小石头穿着件红色的小褂,领口绣着只展翅的蝉,手里捧着个用彩线网兜装着的立夏蛋,蛋壳被染成五颜六色,在阳光下闪着亮。他跟着小伙伴们在晒谷场玩“斗蛋”游戏,把蛋的尖端对着撞,谁的蛋先碎谁就输,布偶被他塞在裤兜里,星纹在热气里亮得像颗发烫的星,映着满眼绿与红的炽烈。“林先生,王婆婆说立夏要秤人,”他举着没碎的蛋得意地晃,蛋壳上的彩纹被汗水浸得发晕,“她说秤了能保夏天不生病,还说要把新收的麦子磨成面,蒸大馍馍庆立夏。”

王婆婆坐在堂屋的竹椅上,手里摇着蒲扇,扇面上画着荷塘蜻蜓,风里带着淡淡的艾草香。她面前的竹匾里摆着刚煮好的立夏蛋,蛋壳上还留着茶叶的纹路,旁边放着秤杆和秤砣,等着给孩子们秤体重。“快把这蛋分给邻里的娃,”她用蒲扇指着门外,“立夏斗蛋斗的是精神,蛋碎了也别恼,图个热闹。”她指着窗台的太阳花,花瓣在阳光下完全舒展,紫红、鹅黄、雪白的花色挤在一起,像块打翻的调色盘,“你看这花,专等立夏显泼辣,太阳越毒开得越艳,把花瓣张得满满当当,这就是立夏的性子——热烈,把谷雨的孕育变成生长的狂,该蹿的蹿得猛,该开的开得艳,一点不含蓄。”
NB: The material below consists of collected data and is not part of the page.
(* The pair $(\ell_2^2, C[0,1])$ fails the uniform sBPBp.
   Context: Scalars $\mathbb{K}=\mathbb{R}$ or $\mathbb{C}$; $\ell_2^2$ is $\mathbb{K}^2$ with the Euclidean norm; $C[0,1]$ is the space of continuous $\mathbb{K}$-valued functions on $[0,1]$ with the sup norm; $S_X$ is the unit sphere of $X$ and $\mathcal{L}(X,Y)$ the bounded linear operators. A pair of Banach spaces $(X,Y)$ has the uniform strong Bishop–Phelps–Bollobás property (uniform sBPBp) if for every $\varepsilon>0$ there exists $\eta(\varepsilon)>0$ such that whenever $T\in\mathcal{L}(X,Y)$ with $\|T\|=1$ and $x_0\in S_X$ satisfy $\|T(x_0)\|>1-\eta(\varepsilon)$, there exists $x_1\in S_X$ with $\|T(x_1)\|=1$ and $\|x_1-x_0\|<\varepsilon$. *)

theory Defs
  imports "HOL-Analysis.Analysis"
begin

text \<open>The space ell_2^2 over the scalar field 'k is the type 'k^2 (its library norm is the
Euclidean norm).  An element of C[0,1] is represented by a function real => 'k that is continuous
on [0,1]; its norm is the sup norm over [0,1].\<close>

definition sup_norm01 :: "(real \<Rightarrow> 'k::real_normed_field) \<Rightarrow> real" where
  "sup_norm01 g = (SUP t\<in>{0..1::real}. norm (g t))"

definition is_op_l22_C01 :: "('k::real_normed_field ^ 2 \<Rightarrow> (real \<Rightarrow> 'k)) \<Rightarrow> bool" where
  "is_op_l22_C01 T \<longleftrightarrow>
     (\<forall>x. continuous_on {0..1} (T x)) \<and>
     (\<forall>x y. T (x + y) = (\<lambda>t. T x t + T y t)) \<and>
     (\<forall>(c::'k) x. T (c *s x) = (\<lambda>t. c * T x t)) \<and>
     (\<exists>K. \<forall>x. sup_norm01 (T x) \<le> K * norm x)"

definition op_norm_l22_C01 :: "('k::real_normed_field ^ 2 \<Rightarrow> (real \<Rightarrow> 'k)) \<Rightarrow> real" where
  "op_norm_l22_C01 T = (SUP x\<in>{x. norm x \<le> 1}. sup_norm01 (T x))"

definition uniform_sBPBp_l22_C01 :: "'k::real_normed_field itself \<Rightarrow> bool" where
  "uniform_sBPBp_l22_C01 (_ :: 'k itself) \<longleftrightarrow>
     (\<forall>\<epsilon>>0. \<exists>\<eta>>0. \<forall>(T :: 'k ^ 2 \<Rightarrow> (real \<Rightarrow> 'k)) (x0 :: 'k ^ 2).
        is_op_l22_C01 T \<and> op_norm_l22_C01 T = 1 \<and> norm x0 = 1 \<and>
        sup_norm01 (T x0) > 1 - \<eta> \<longrightarrow>
        (\<exists>x1 :: 'k ^ 2. norm x1 = 1 \<and> sup_norm01 (T x1) = 1 \<and> norm (x1 - x0) < \<epsilon>))"

end

theory Submission
  imports Defs
begin

text \<open>For \<open>0 < d \<le> 1\<close> the operator \<open>T\<^sub>d x (t) = (1 - d)(1 - t) x\<^sub>1 + t x\<^sub>2\<close> has norm one, and
  \<open>T\<^sub>d e\<^sub>1\<close> has norm \<open>1 - d\<close>, which is as close to one as we like. But \<open>|T\<^sub>d x (t)|\<close> is bounded
  by a convex combination of \<open>(1 - d)|x\<^sub>1|\<close> and \<open>|x\<^sub>2|\<close>, so a unit vector \<open>x\<close> can only attain the
  norm if \<open>|x\<^sub>2| = 1\<close>, and every such \<open>x\<close> lies at distance at least one from \<open>e\<^sub>1\<close>.\<close>

lemma sup_norm01_le:
  assumes "\<And>t. t \<in> {0..1} \<Longrightarrow> norm (g t) \<le> M"
  shows "sup_norm01 g \<le> M"
  unfolding sup_norm01_def using assms by (intro cSUP_least) auto

lemma norm_le_sup_norm01:
  assumes "\<And>t. t \<in> {0..1} \<Longrightarrow> norm (g t) \<le> M" and "s \<in> {0..1}"
  shows "norm (g s) \<le> sup_norm01 g"
  unfolding sup_norm01_def using assms by (intro cSUP_upper) (auto intro!: bdd_aboveI2[where M = M])

lemma norm_axis: "norm (axis i x) = norm x"
proof -
  have "(\<Sum>j\<in>UNIV. (norm (axis i x $ j))\<^sup>2) = (norm x)\<^sup>2"
    by (simp add: axis_def if_distrib[of "\<lambda>y. (norm y)\<^sup>2"] sum.If_cases)
  then show ?thesis
    unfolding norm_vec_def L2_set_def by simp
qed

definition tilted_op :: "real \<Rightarrow> 'k::real_normed_field ^ 2 \<Rightarrow> real \<Rightarrow> 'k" where
  "tilted_op d x = (\<lambda>t. of_real ((1 - d) * (1 - t)) * x$1 + of_real t * x$2)"

lemma norm_tilted_op_le_max:
  assumes "0 \<le> d" "d \<le> 1" "t \<in> {0..1}"
  shows "norm (tilted_op d x t) \<le> max ((1 - d) * norm (x$1)) (norm (x$2))"
proof -
  have "norm (tilted_op d x t) \<le> norm (of_real ((1 - d) * (1 - t)) * x$1) + norm (of_real t * x$2)"
    unfolding tilted_op_def by (rule norm_triangle_ineq)
  also have "\<dots> = (1 - t) * ((1 - d) * norm (x$1)) + t * norm (x$2)"
    using assms unfolding norm_mult norm_of_real by simp
  also have "\<dots> \<le> max ((1 - d) * norm (x$1)) (norm (x$2))"
    using assms by (intro convex_bound_le) auto
  finally show ?thesis .
qed

lemma norm_tilted_op_le_norm:
  assumes "0 \<le> d" "d \<le> 1" "t \<in> {0..1}"
  shows "norm (tilted_op d x t) \<le> norm x"
proof -
  have "(1 - d) * norm (x$1) \<le> norm (x$1)"
    using assms by (intro mult_left_le_one_le) auto
  also have "\<dots> \<le> norm x"
    by (rule Finite_Cartesian_Product.norm_nth_le)
  finally have "(1 - d) * norm (x$1) \<le> norm x" .
  then show ?thesis
    using norm_tilted_op_le_max[OF assms, of x] Finite_Cartesian_Product.norm_nth_le[of x 2] by linarith
qed

lemma is_op_tilted_op:
  assumes "0 \<le> d" "d \<le> 1"
  shows "is_op_l22_C01 (tilted_op d :: 'k::real_normed_field ^ 2 \<Rightarrow> real \<Rightarrow> 'k)"
  unfolding is_op_l22_C01_def
proof (intro conjI allI exI)
  fix x :: "'k ^ 2"
  show "continuous_on {0..1} (tilted_op d x)"
    unfolding tilted_op_def by (intro continuous_intros)
  show "sup_norm01 (tilted_op d x) \<le> 1 * norm x"
    using norm_tilted_op_le_norm[OF assms, of _ x] by (auto intro!: sup_norm01_le)
  fix y :: "'k ^ 2"
  show "tilted_op d (x + y) = (\<lambda>t. tilted_op d x t + tilted_op d y t)"
    unfolding tilted_op_def by (auto simp: algebra_simps)
next
  fix c :: 'k and x :: "'k ^ 2"
  show "tilted_op d (c *s x) = (\<lambda>t. c * tilted_op d x t)"
    unfolding tilted_op_def by (auto simp: algebra_simps)
qed

lemma op_norm_tilted_op:
  assumes "0 \<le> d" "d \<le> 1"
  shows "op_norm_l22_C01 (tilted_op d :: 'k::real_normed_field ^ 2 \<Rightarrow> real \<Rightarrow> 'k) = 1"
proof -
  have bound: "sup_norm01 (tilted_op d x) \<le> 1" if "norm x \<le> 1" for x :: "'k ^ 2"
    using norm_tilted_op_le_norm[OF assms, of _ x] that by (force intro: sup_norm01_le)
  let ?e2 = "axis 2 1 :: 'k ^ 2"
  have "tilted_op d ?e2 1 = 1"
    unfolding tilted_op_def by (simp add: axis_def)
  then have "1 \<le> sup_norm01 (tilted_op d ?e2)"
    using norm_le_sup_norm01[of "tilted_op d ?e2" 1 1] norm_tilted_op_le_norm[OF assms, of _ ?e2]
    by (simp add: norm_axis)
  also have "\<dots> \<le> op_norm_l22_C01 (tilted_op d :: 'k ^ 2 \<Rightarrow> real \<Rightarrow> 'k)"
    unfolding op_norm_l22_C01_def
    by (rule cSUP_upper) (use bound in \<open>auto simp: norm_axis intro!: bdd_aboveI2\<close>)
  finally show ?thesis
    unfolding op_norm_l22_C01_def using bound
    by (intro antisym cSUP_least) (auto intro: exI[of _ 0])
qed

lemma sup_norm01_tilted_op_axis1:
  assumes "0 \<le> d" "d \<le> 1"
  shows "1 - d \<le> sup_norm01 (tilted_op d (axis 1 1 :: 'k::real_normed_field ^ 2))"
proof -
  have "tilted_op d (axis 1 1 :: 'k ^ 2) 0 = of_real (1 - d)"
    unfolding tilted_op_def by (simp add: axis_def)
  then have "norm (tilted_op d (axis 1 1 :: 'k ^ 2) 0) = 1 - d"
    using assms by (simp only: norm_of_real)
  moreover have "norm (tilted_op d (axis 1 1 :: 'k ^ 2) 0) \<le> sup_norm01 (tilted_op d (axis 1 1 :: 'k ^ 2))"
    using norm_tilted_op_le_norm[OF assms, of _ "axis 1 1 :: 'k ^ 2"]
    by (intro norm_le_sup_norm01[where M = 1]) (auto simp: norm_axis)
  ultimately show ?thesis
    by simp
qed

lemma tilted_op_norm_attained_far_from_axis1:
  fixes x :: "'k::real_normed_field ^ 2"
  assumes "0 < d" "d \<le> 1" "norm x = 1" "sup_norm01 (tilted_op d x) = 1"
  shows "1 \<le> norm (x - axis 1 1)"
proof -
  have "(1 - d) * norm (x$1) \<le> 1 - d"
    using assms Finite_Cartesian_Product.norm_nth_le[of x 1] by (intro mult_left_le) auto
  then have "(1 - d) * norm (x$1) < 1"
    using assms by linarith
  moreover have "sup_norm01 (tilted_op d x) \<le> max ((1 - d) * norm (x$1)) (norm (x$2))"
    using assms norm_tilted_op_le_max[of d _ x] by (intro sup_norm01_le) auto
  ultimately have "1 \<le> norm (x$2)"
    using assms by linarith
  also have "x$2 = (x - axis 1 1)$2"
    by (simp add: axis_def)
  finally show ?thesis
    using Finite_Cartesian_Product.norm_nth_le order_trans by blast
qed

lemma not_uniform_sBPBp_l22_C01: "\<not> uniform_sBPBp_l22_C01 TYPE('k::real_normed_field)"
proof
  assume "uniform_sBPBp_l22_C01 TYPE('k)"
  then obtain \<eta> where "\<eta> > 0" and sBPBp: "\<And>(T :: 'k ^ 2 \<Rightarrow> real \<Rightarrow> 'k) x0.
      is_op_l22_C01 T \<and> op_norm_l22_C01 T = 1 \<and> norm x0 = 1 \<and> sup_norm01 (T x0) > 1 - \<eta> \<Longrightarrow>
      \<exists>x1. norm x1 = 1 \<and> sup_norm01 (T x1) = 1 \<and> norm (x1 - x0) < 1"
    unfolding uniform_sBPBp_l22_C01_def by (metis zero_less_one)
  define d where "d = min (\<eta> / 2) 1"
  have d: "0 < d" "d \<le> 1" "d < \<eta>"
    using \<open>\<eta> > 0\<close> by (auto simp: d_def)
  then have "sup_norm01 (tilted_op d (axis 1 1 :: 'k ^ 2)) > 1 - \<eta>"
    using sup_norm01_tilted_op_axis1[of d, where 'k = 'k] by fastforce
  then obtain x1 :: "'k ^ 2" where
    "norm x1 = 1" "sup_norm01 (tilted_op d x1) = 1" "norm (x1 - axis 1 1) < 1"
    using sBPBp[of "tilted_op d" "axis 1 1"] d is_op_tilted_op[of d, where 'k = 'k]
      op_norm_tilted_op[of d, where 'k = 'k]
    by (auto simp: norm_axis)
  then show False
    using tilted_op_norm_attained_far_from_axis1[of d x1] d by linarith
qed

theorem mainTheorem13:
  shows "\<not> uniform_sBPBp_l22_C01 TYPE(real) \<and> \<not> uniform_sBPBp_l22_C01 TYPE(complex)"
  using not_uniform_sBPBp_l22_C01[where 'k = real] not_uniform_sBPBp_l22_C01[where 'k = complex]
  by blast

end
苏凝背着药篓从后山回来,药篓上盖着层麻布防晒,里面装着些带着露水的藿香和薄荷,叶片被晒得微微发蔫,却依旧透着清凉的气息。她的竹篮里放着个瓦罐,里面是刚熬的绿豆汤,汤里浮着几粒乌梅,酸香混着豆香在罐里沉得扎实,喝一口能浇灭心头的燥热。“后山的草药在立夏药性最烈,”她把药篓放在门边的阴凉处,草药上的露水很快被蒸发,“马齿苋在田埂上长得最疯,这东西清热利湿,立夏吃了最能防中暑。刚才在山腰看见几个果农在给果树疏果,把长得太密的小果子摘掉,说立夏的果子得舍得扔,‘留得少才能长得大’,倒应了‘立夏疏果,秋天满箩’的老话,这时候的取舍,是为了让养分都聚在好果上。”她从竹篮里拿出个油纸包,里面是几块薄荷糕,“给小石头的,立夏吃点凉糕能解暑,这糕里的薄荷汁是新榨的,凉得透心。”

灵犀玉在林澈怀中泛着灼热的光,玉面投射的地脉图上,清河镇的土地像块被烈日炙烤的玛瑙,地表下的光带变得炽烈,赤金色的光点在麦根与花茎间奔腾跳跃——是麦穗灌浆的急促声响,是花茎拔节的脆响,是叶片蒸腾水分的绵密。这些光点像地底的火焰,在滚烫的土地下熊熊燃烧,所过之处,生长的气息愈发浓重,连空气里都飘着股麦香的烈与药香的凉,那是炽烈与生长交织的味道。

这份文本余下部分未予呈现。